Aumenta il numero degli occupati, mentre decresce rispetto al 2015 il numero di pensionati, che si riduce di quasi 115.000 unità: il rapporto attivi/pensionati tocca quindi nel 2016 quota 1,417, dato migliore dal 1997 (primo anno utile al confronto). E’ un dato fondamentale per la tenuta di un sistema pensionistico a ripartizione come quello italiano ed è uno dei dati forniti dal Quinto Rapporto “Il Bilancio Previdenziale italiano”, a cura del Centro Studi e Ricerche Itinerari Previdenziali.
Il Rapporto fornisce una visione d’insieme del complesso sistema di welfare italiano, illustrando gli andamenti della spesa pensionistica, delle entrate contributive e dei saldi nelle differenti gestioni pubbliche e privatizzate che compongono il sistema pensionistico del Paese e opera al contempo un’utile riclassificazione della spesa all’interno del più ampio bilancio dello Stato. Complessivamente i dati contenuti nel Rapporto evidenziano come l’andamento della spesa per le pensioni sia assolutamente sotto controllo.

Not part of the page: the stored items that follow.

definition nnz :: "nat \<Rightarrow> (nat \<Rightarrow> nat \<Rightarrow> real) \<Rightarrow> nat" where
  "nnz n A = card {(i, j). i < n \<and> j < n \<and> A i j \<noteq> 0}"

definition row_nnz :: "nat \<Rightarrow> (nat \<Rightarrow> nat \<Rightarrow> real) \<Rightarrow> nat \<Rightarrow> nat" where
  "row_nnz n A i = card {j. j < n \<and> A i j \<noteq> 0}"

definition lowrank :: "nat \<Rightarrow> (nat \<Rightarrow> nat \<Rightarrow> real) \<Rightarrow> (nat \<Rightarrow> nat \<Rightarrow> real) \<Rightarrow> nat \<Rightarrow> nat \<Rightarrow> real" where
  "lowrank r U V i j = (\<Sum>l<r. U i l * V j l)"

definition mrank :: "nat \<Rightarrow> (nat \<Rightarrow> nat \<Rightarrow> real) \<Rightarrow> nat" where
  "mrank n A = vec_space.rank n (mat n n (\<lambda>(i, j). A i j))"

end

theory Submission
  imports Defs "HOL-Real_Asymp.Real_Asymp"
begin

(* Write M i j = exp (<x_i, x_j> / d) for sign vectors x_i in {-1,1}^d, so that every entry
   lies in [1/e, e].

   Sparse + low rank: since x_il x_jl = +-1, exp (x_il x_jl / d) = cosh (1/d) + x_il x_jl sinh (1/d),
   and multiplying out gives the Walsh expansion M = sum over T of w_T chi_T chi_T^T, where T ranges
   over the subsets of {..<d}, chi_T i = prod_(l in T) x_il and w_T <= e / d^|T|.  Keeping only the
   terms with |T| <= K, K ~ 4 ln n / ln ln n, leaves an entrywise error <= 1/n, with rank
   sum_(k <= K) (d choose k) <= (e d / K)^K = n^o(1) <= sqrt n.  When gamma < 1/sqrt n the
   parameter budget exceeds n^2 and M itself is a sparse estimator.

   Low rank alone: flipping the first sign of x_i for all i in E changes every entry (i, j) with
   i in E, j notin E by at least 2/(e d), so the two matrices are at Frobenius distance at least
   2 sqrt (|E| (n - |E|)) / (e d).  Hence two patterns in the same orbit of the flip group that are
   both within sqrt n / e of a fixed R differ by a set E with |E| < 2 d^2 or n - |E| < 2 d^2; an orbit
   of size 2^n thus meets that ball in at most 2 (2 d^2) n^(2 d^2) = 2^o(n) points.

   Sparse alone: a row with fewer than n nonzero entries has a zero, where the error is >= 1/e. *)

section \<open>Sign patterns, the Frobenius norm and row-sparse matrices\<close>

lemma sign_pats_finite: "finite (sign_pats n d)"
  unfolding sign_pats_def by (auto intro: finite_PiE)

lemma sign_pats_nonempty: "sign_pats n d \<noteq> {}"
  unfolding sign_pats_def by (simp add: PiE_eq_empty_iff)

lemma prQ_eq_card_ratio: "prQ n d P = card {s \<in> sign_pats n d. P s} / card (sign_pats n d)"
  unfolding prQ_def sign_pmf_def
  using measure_pmf_of_set[OF sign_pats_nonempty sign_pats_finite]
  by (simp add: Int_def conj_commute)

E’ interessante anche notare che il rapporto tra numero di prestazioni in pagamento e popolazione tocca quota 2,638, di fatto una prestazione per famiglia (spesso di tipo assistenziale). Nel 2016, risultano in pagamento in Italia 4,1 milioni di prestazioni di natura interamente assistenziale (invalidità civile, accompagnamento, di guerra) e ulteriori 5,3 milioni di pensioni che beneficiano, in una o più quote, di parti assistenziali (maggiorazioni sociali, integrazioni al minimo, importi aggiuntivi etc). L’insieme di queste prestazioni ha riguardato 4.104.413 soggetti, per un costo totale annuo di oltre 21 miliardi di euro. Secondo Alberto Brambilla, presidente del Centro Studi e Ricerche Itinerari Previdenziali è necessario separare la spesa previdenziale da quella assistenziale al fine di fare chiarezza su spese molto diverse tra loro per finalità e modalità di finanziamento. Ciò anche al fine di evitare che si dica che la previdenza pubblica (pensioni previdenziali artigiani, commercianti, lavoratori dipendenti, etc.) è in deficit. Non bisogna infatti dimenticare che il nostro modello di welfare prevede per finanziare le pensioni previdenziali una tassa di scopo, i contributi sociali, mentre l’assistenza è finanziata dalla fiscalità generale.